Only the lines containing "shows" should appear in the answer, copied from the listing below.

'''

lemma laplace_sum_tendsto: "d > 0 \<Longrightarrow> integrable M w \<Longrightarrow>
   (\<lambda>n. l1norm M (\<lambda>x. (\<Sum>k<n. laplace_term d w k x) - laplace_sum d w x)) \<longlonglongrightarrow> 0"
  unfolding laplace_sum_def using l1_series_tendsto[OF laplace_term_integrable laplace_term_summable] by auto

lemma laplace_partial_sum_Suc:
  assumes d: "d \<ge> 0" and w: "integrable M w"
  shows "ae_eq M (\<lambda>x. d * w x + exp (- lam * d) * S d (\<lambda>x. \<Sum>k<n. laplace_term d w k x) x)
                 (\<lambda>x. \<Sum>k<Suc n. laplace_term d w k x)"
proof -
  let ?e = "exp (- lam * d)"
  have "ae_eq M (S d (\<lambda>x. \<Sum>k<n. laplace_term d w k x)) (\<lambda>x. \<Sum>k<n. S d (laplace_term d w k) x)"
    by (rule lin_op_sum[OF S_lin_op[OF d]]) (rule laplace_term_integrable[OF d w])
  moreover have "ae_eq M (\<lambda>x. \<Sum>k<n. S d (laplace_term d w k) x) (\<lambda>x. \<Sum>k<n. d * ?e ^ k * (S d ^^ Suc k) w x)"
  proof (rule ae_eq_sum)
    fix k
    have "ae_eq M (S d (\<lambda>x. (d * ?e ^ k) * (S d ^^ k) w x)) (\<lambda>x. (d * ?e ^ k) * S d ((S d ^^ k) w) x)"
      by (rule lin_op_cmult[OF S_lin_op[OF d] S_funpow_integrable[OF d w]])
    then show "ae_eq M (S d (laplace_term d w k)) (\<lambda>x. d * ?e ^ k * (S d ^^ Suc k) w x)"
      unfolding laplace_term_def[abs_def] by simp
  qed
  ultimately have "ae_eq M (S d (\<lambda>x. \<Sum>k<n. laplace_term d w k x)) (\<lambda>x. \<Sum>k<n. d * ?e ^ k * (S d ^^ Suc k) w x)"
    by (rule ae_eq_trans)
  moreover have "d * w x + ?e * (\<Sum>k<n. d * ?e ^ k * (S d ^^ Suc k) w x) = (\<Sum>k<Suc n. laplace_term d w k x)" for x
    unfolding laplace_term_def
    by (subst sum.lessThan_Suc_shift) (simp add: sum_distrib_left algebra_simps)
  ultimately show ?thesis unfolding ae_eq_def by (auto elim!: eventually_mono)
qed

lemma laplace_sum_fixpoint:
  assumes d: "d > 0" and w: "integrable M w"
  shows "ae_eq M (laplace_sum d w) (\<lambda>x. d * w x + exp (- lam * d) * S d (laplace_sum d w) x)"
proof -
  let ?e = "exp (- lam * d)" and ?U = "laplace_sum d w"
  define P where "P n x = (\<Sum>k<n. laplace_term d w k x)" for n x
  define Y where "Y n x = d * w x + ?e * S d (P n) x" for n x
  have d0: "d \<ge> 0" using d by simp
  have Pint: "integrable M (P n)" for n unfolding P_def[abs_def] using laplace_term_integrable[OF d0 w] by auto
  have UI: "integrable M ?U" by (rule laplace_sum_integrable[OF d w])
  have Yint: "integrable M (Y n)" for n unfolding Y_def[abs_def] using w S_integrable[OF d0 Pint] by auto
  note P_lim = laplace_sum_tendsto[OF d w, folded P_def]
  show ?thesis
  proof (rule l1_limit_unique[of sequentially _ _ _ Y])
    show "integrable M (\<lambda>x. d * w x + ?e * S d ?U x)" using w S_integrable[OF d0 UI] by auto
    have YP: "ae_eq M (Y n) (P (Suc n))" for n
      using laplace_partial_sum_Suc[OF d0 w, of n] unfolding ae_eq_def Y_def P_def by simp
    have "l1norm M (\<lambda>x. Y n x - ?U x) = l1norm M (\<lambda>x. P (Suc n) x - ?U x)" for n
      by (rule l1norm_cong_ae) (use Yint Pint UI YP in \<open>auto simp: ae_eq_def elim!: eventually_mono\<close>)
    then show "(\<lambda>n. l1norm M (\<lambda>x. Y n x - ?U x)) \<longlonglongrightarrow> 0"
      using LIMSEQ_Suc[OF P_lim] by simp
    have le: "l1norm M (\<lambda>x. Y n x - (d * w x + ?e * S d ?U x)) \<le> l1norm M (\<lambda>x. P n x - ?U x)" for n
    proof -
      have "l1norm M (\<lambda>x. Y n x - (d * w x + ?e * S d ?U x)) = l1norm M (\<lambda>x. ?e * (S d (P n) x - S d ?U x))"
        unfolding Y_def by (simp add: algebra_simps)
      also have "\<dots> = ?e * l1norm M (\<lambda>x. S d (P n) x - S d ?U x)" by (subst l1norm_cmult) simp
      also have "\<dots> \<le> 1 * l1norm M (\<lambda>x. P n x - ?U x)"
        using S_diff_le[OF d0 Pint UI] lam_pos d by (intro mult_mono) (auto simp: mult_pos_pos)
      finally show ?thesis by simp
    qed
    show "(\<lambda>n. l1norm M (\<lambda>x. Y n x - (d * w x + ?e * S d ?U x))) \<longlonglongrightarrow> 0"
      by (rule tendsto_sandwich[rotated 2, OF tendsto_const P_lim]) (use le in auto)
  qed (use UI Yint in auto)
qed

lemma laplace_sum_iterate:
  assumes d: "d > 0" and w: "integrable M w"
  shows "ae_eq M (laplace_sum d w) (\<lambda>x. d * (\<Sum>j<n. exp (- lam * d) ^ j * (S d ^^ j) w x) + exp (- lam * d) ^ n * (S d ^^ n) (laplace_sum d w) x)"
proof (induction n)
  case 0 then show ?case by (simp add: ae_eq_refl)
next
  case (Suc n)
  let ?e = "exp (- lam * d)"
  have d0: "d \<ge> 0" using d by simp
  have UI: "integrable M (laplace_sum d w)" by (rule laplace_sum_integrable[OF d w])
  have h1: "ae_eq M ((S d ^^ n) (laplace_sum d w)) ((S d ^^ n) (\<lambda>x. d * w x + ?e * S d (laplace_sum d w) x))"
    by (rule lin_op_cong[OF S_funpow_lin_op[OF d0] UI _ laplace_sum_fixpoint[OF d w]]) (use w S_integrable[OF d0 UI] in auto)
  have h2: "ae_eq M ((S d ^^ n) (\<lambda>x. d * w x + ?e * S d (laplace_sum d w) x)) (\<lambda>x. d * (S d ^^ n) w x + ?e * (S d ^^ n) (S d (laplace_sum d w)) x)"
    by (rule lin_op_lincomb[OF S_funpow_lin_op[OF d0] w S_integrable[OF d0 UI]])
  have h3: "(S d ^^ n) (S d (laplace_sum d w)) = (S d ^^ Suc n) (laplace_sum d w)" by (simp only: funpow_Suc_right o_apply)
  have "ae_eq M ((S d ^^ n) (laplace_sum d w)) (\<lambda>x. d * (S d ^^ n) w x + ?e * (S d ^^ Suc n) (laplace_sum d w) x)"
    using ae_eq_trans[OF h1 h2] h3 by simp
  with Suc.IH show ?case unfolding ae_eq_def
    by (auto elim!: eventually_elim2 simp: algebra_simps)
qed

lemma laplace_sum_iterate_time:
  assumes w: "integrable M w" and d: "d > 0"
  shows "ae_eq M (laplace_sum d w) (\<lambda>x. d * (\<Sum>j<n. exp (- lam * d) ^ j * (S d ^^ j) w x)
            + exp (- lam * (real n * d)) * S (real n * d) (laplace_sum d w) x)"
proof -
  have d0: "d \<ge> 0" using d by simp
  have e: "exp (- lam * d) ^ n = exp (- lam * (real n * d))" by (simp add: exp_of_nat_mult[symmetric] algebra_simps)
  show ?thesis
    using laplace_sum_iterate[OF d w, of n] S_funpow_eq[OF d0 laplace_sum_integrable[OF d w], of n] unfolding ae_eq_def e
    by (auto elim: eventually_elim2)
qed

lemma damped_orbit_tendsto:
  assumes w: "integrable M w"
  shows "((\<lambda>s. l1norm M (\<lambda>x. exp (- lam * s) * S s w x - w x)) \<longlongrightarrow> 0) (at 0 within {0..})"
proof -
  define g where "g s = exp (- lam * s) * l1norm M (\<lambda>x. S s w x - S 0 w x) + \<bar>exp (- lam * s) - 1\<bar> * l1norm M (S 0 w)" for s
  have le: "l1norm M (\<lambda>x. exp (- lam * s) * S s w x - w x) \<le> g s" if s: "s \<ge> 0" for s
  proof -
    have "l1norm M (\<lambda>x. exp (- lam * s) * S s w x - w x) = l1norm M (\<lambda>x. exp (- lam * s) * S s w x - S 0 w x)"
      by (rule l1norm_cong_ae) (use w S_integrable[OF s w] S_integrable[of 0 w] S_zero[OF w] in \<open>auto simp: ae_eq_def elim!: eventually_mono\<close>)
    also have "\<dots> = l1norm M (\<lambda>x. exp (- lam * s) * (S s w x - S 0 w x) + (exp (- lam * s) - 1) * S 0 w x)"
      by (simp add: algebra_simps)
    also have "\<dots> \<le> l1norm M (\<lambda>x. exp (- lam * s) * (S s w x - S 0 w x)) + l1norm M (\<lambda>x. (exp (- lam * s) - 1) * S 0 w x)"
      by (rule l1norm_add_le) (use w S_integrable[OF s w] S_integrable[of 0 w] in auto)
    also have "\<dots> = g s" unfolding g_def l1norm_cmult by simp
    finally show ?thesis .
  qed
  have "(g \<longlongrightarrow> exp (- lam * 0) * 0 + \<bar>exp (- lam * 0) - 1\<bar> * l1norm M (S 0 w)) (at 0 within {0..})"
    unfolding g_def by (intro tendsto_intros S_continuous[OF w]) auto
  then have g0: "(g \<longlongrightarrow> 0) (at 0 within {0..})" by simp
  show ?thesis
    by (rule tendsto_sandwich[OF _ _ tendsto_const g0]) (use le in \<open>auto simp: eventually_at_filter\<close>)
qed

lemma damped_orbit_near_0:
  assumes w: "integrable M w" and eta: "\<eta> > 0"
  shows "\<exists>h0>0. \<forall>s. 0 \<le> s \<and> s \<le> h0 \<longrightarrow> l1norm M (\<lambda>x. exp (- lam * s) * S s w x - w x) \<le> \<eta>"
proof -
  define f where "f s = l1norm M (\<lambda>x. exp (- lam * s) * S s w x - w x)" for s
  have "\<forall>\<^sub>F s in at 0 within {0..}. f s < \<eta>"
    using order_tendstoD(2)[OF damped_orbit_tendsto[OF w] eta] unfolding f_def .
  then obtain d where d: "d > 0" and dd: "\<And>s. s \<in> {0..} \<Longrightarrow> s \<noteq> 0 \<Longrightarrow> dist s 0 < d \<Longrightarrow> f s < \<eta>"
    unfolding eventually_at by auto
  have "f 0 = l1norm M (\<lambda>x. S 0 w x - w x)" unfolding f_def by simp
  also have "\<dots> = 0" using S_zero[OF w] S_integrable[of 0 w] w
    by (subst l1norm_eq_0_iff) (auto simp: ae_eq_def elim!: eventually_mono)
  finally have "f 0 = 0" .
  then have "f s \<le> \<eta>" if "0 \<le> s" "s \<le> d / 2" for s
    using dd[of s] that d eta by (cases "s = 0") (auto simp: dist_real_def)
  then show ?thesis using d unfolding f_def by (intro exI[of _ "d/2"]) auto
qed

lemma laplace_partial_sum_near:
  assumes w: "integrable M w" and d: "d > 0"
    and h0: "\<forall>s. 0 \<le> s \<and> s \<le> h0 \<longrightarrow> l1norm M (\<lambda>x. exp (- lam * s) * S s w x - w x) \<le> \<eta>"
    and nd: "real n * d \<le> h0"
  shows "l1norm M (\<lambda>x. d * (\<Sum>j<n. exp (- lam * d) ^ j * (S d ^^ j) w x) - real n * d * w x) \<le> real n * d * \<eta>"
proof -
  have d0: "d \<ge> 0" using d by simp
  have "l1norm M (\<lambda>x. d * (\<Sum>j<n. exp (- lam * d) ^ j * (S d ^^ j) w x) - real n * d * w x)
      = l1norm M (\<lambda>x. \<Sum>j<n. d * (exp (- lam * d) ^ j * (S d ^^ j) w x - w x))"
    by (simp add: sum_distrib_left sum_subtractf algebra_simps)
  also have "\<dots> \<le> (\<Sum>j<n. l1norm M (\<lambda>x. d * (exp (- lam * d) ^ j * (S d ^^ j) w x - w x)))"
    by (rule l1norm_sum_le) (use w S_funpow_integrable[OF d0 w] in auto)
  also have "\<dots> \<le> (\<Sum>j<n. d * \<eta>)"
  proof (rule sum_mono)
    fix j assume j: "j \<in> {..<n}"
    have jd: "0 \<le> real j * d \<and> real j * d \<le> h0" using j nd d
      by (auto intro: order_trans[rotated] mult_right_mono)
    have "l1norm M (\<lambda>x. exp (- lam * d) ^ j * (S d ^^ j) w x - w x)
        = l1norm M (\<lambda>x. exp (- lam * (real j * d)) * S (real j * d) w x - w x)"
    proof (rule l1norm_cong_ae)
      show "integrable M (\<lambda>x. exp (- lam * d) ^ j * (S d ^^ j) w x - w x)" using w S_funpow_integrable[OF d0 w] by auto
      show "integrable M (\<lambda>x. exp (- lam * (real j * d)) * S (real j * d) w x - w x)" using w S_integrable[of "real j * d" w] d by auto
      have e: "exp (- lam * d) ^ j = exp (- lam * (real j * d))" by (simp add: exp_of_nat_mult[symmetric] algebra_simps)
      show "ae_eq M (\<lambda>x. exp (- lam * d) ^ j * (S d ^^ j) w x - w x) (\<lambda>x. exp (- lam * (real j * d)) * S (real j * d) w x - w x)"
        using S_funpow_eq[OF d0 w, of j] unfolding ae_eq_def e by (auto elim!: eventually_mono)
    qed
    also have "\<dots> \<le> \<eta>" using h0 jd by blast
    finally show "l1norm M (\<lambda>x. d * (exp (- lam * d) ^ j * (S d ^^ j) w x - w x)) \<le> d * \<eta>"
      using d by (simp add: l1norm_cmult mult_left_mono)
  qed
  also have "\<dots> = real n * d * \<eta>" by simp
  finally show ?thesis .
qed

'''

> _Task output_
  shows "ae_eq M (\<lambda>x. d * w x + exp (- lam * d) * S d (\<lambda>x. \<Sum>k<n. laplace_term d w k x) x)
  shows "ae_eq M (laplace_sum d w) (\<lambda>x. d * w x + exp (- lam * d) * S d (laplace_sum d w) x)"
  shows "ae_eq M (laplace_sum d w) (\<lambda>x. d * (\<Sum>j<n. exp (- lam * d) ^ j * (S d ^^ j) w x) + exp (- lam * d) ^ n * (S d ^^ n) (laplace_sum d w) x)"
  shows "ae_eq M (laplace_sum d w) (\<lambda>x. d * (\<Sum>j<n. exp (- lam * d) ^ j * (S d ^^ j) w x)
  shows "((\<lambda>s. l1norm M (\<lambda>x. exp (- lam * s) * S s w x - w x)) \<longlongrightarrow> 0) (at 0 within {0..})"
  shows "\<exists>h0>0. \<forall>s. 0 \<le> s \<and> s \<le> h0 \<longrightarrow> l1norm M (\<lambda>x. exp (- lam * s) * S s w x - w x) \<le> \<eta>"
  shows "l1norm M (\<lambda>x. d * (\<Sum>j<n. exp (- lam * d) ^ j * (S d ^^ j) w x) - real n * d * w x) \<le> real n * d * \<eta>"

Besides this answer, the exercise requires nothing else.